Beach Boys vs. Cars = Victory to the Beach Boys by a TKO (if you're wondering)...

seeing them with Brian Wilson in Chicago in May

MountainManZach 9:26 AM  

I was stymied for a while when I plunked in cORmoraNtQUILLS. Seemed reasonable, albeit unwieldy.

Tobias Duncan 9:29 AM  

Living a mile or so from a reservation I can tell you that no one ever calls themselves an Amerindian(wow that made it past spellcheck!).

I will take The Monkeys over THECARS any day of the week.I wrote a tribute song a few years ago with some friends called "Everybody's Mother Loves Neil Diamond" that included the line"hey hey , he even wrote for the Monkeys"

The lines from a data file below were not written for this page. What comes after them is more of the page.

lemma spectral_comb_mult: "spectral_comb a ** spectral_comb b = spectral_comb (\<lambda>i. a i * b i)"
proof -
  have "spectral_comb a ** spectral_comb b = (\<Sum>j=1..M. \<Sum>i=1..M. (b j * a i) *\<^sub>R (P i ** P j))"
    unfolding spectral_comb_def
    by (simp add: matrix_mult_sum_left matrix_mult_sum_right matrix_mult_scaleR_left
        matrix_mult_scaleR_right scaleR_sum_right)
  also have "\<dots> = (\<Sum>j=1..M. (b j * a j) *\<^sub>R P j)"
  proof (rule sum.cong)
    fix j assume j: "j \<in> {1..M}"
    then have "(\<Sum>i=1..M. (b j * a i) *\<^sub>R (P i ** P j))
             = (\<Sum>i=1..M. if i = j then (b j * a j) *\<^sub>R P j else 0)"
      by (intro sum.cong) (auto simp: P_mult)
    with j show "(\<Sum>i=1..M. (b j * a i) *\<^sub>R (P i ** P j)) = (b j * a j) *\<^sub>R P j"
      by simp
  qed simp
  finally show ?thesis unfolding spectral_comb_def by (simp add: mult.commute)
qed

lemma spectral_comb_diff: "spectral_comb a - spectral_comb b = spectral_comb (\<lambda>i. a i - b i)"
  unfolding spectral_comb_def by (simp add: sum_subtractf scaleR_diff_left)

lemma scaleR_spectral_comb: "r *\<^sub>R spectral_comb a = spectral_comb (\<lambda>i. r * a i)"
  unfolding spectral_comb_def by (simp add: scaleR_sum_right)

lemma uminus_spectral_comb: "- spectral_comb a = spectral_comb (\<lambda>i. - a i)"
  unfolding spectral_comb_def by (simp add: sum_negf)

lemma scaleR_P_eq_spectral_comb:
  assumes "i \<in> {1..M}"
  shows "r *\<^sub>R P i = spectral_comb (\<lambda>j. if j = i then r else 0)"
proof -
  have "spectral_comb (\<lambda>j. if j = i then r else 0) = (\<Sum>j=1..M. if j = i then r *\<^sub>R P j else 0)"
    unfolding spectral_comb_def by (rule sum.cong) auto
  with assms show ?thesis by simp
qed

lemma mfun_spectral_comb: "mfun f (spectral_comb c) = spectral_comb (\<lambda>i. f (c i))"
proof -
  obtain U :: "complex^'n^'n" and g :: "'n \<Rightarrow> nat" where U: "unitary U" and g: "\<And>k. g k \<in> {1..M}"
    and diag: "\<And>i. i \<in> {1..M} \<Longrightarrow> P i = U ** rdiag (\<lambda>k. if g k = i then 1 else 0) ** cadj U"
    using simultaneous_diagonalisation by blast
  have "spectral_comb c = U ** rdiag (\<lambda>k. c (g k)) ** cadj U" for c
  proof -
    have "rdiag (\<lambda>k. c (g k)) = (\<Sum>i=1..M. c i *\<^sub>R rdiag (\<lambda>k. if g k = i then 1 else 0))"
      by (rule rdiag_comp_eq_sum) (use g in auto)
    then show ?thesis
      unfolding spectral_comb_def
      by (simp add: diag matrix_mult_sum_left matrix_mult_sum_right matrix_mult_scaleR_left
          matrix_mult_scaleR_right)
  qed
  then show ?thesis using mfun_unitary_conj_rdiag[OF U] by simp
qed

lemma trace_spectral_comb: "Re (trace (spectral_comb c)) = (\<Sum>i=1..M. c i * Re (trace (P i)))"
  unfolding spectral_comb_def by (simp add: trace_sum trace_scaleR)

lemma trace_spectral_comb_single:
  assumes "i \<in> {1..M}" and "\<And>j. j \<noteq> i \<Longrightarrow> c j = 0"
  shows "Re (trace (spectral_comb c)) = c i * Re (trace (P i))"
proof -
  have "(\<Sum>j=1..M. c j * Re (trace (P j))) = (\<Sum>j=1..M. if j = i then c i * Re (trace (P i)) else 0)"
    using assms(2) by (intro sum.cong) auto
  with assms(1) show ?thesis by (simp add: trace_spectral_comb)
qed

lemma sum_trace_P: "(\<Sum>i=1..M. Re (trace (P i))) = real CARD('n)"
  using arg_cong[OF sum_P, of "\<lambda>A. Re (trace A)"] by (simp add: trace_sum trace_I)

lemma trace_P_pos:
  assumes "i \<in> {1..M}" and "P i \<noteq> 0"
  shows "Re (trace (P i)) > 0"
  using trace_mult_cadj_pos[OF assms(2)] P_mult[OF assms(1) assms(1)] P_hermitian[OF assms(1)]
  by (simp add: hermitian_def)

end

lemma renyi_log_powr: "(\<alpha>::real) \<noteq> 1 \<Longrightarrow> 1 / (\<alpha> - 1) * ln (K powr (1 - \<alpha>)) = - ln K"
  by (simp add: ln_powr field_simps)

lemma petz_block_powr:
  assumes "(t::real) > 0" "b > 0"
  shows "(1 / t) powr \<alpha> * b powr (1 - \<alpha>) * t = (t * b) powr (1 - \<alpha>)"
  using assms by (simp add: powr_diff powr_divide powr_mult field_simps)

lemma sandwiched_block_powr:
  assumes "(t::real) > 0" "b > 0" "\<alpha> \<noteq> 0"
  shows "(b powr ((1 - \<alpha>) / (2 * \<alpha>)) * (1 / t) * b powr ((1 - \<alpha>) / (2 * \<alpha>))) powr \<alpha> * t
    = (t * b) powr (1 - \<alpha>)"
proof -
  define s where "s = (1 - \<alpha>) / (2 * \<alpha>)"
  have "s + s = (1 - \<alpha>) / \<alpha>" using assms(3) by (simp add: s_def field_simps)
  then have sandwich: "b powr s * (1 / t) * b powr s = b powr ((1 - \<alpha>) / \<alpha>) / t"
    by (metis powr_add times_divide_eq_right mult.right_neutral mult.commute mult.assoc)
  have "(b powr s * (1 / t) * b powr s) powr \<alpha> = (b powr ((1 - \<alpha>) / \<alpha>) / t) powr \<alpha>"
    by (simp only: sandwich)
  also have "\<dots> = (b powr ((1 - \<alpha>) / \<alpha>)) powr \<alpha> / t powr \<alpha>" by (rule powr_divide)
  also have "\<dots> = b powr (1 - \<alpha>) / t powr \<alpha>" using assms(3) by (simp add: powr_powr)
  finally show ?thesis
    using assms unfolding s_def by (simp add: powr_diff powr_mult field_simps)
qed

This MEADOWLARK seems to be a huge nobody. Can anyone vouch for him? I am assuming its Don Julian who does not even have a photo on his scanty wikipedia page.

Thanks for all the support/advice/sympathy/ and links both funny and sappy( I am a sucker for those) yesterday.
I still have a Weimaraner to help assuage the pain.He has no idea why is getting so much attention.

evil doug 9:34 AM  
This comment has been removed by the author.
orangeblossomspecial 9:35 AM  

Couldn't get the NE corner because I inserted granolA early and couldn't get rid of it.

There's another song embedded in the puzzle. Mel Blanc recorded "I taut I TAW a puddy tat" (48A) in the 1940s.

evil doug 9:41 AM  

If you love us so much, how come you can't spell our name?

The Monkees (except Davy Jones)

Tobias Duncan 9:48 AM  

Rex totally got me with that Valli pic.I actually believed there was a little known crooner called the MEADOWLARK.I am going back to bed.
I should admit that I did a bit of drinking last night with the guys...

Bob Kerfuffle 9:54 AM  

A little learning is a dangerous thing . . . or at least, a little almost learning . . . Working off the "I" from MICA, I confidently threw in IDEOMENO at 2 D. Took a while to get to IDOMENEO.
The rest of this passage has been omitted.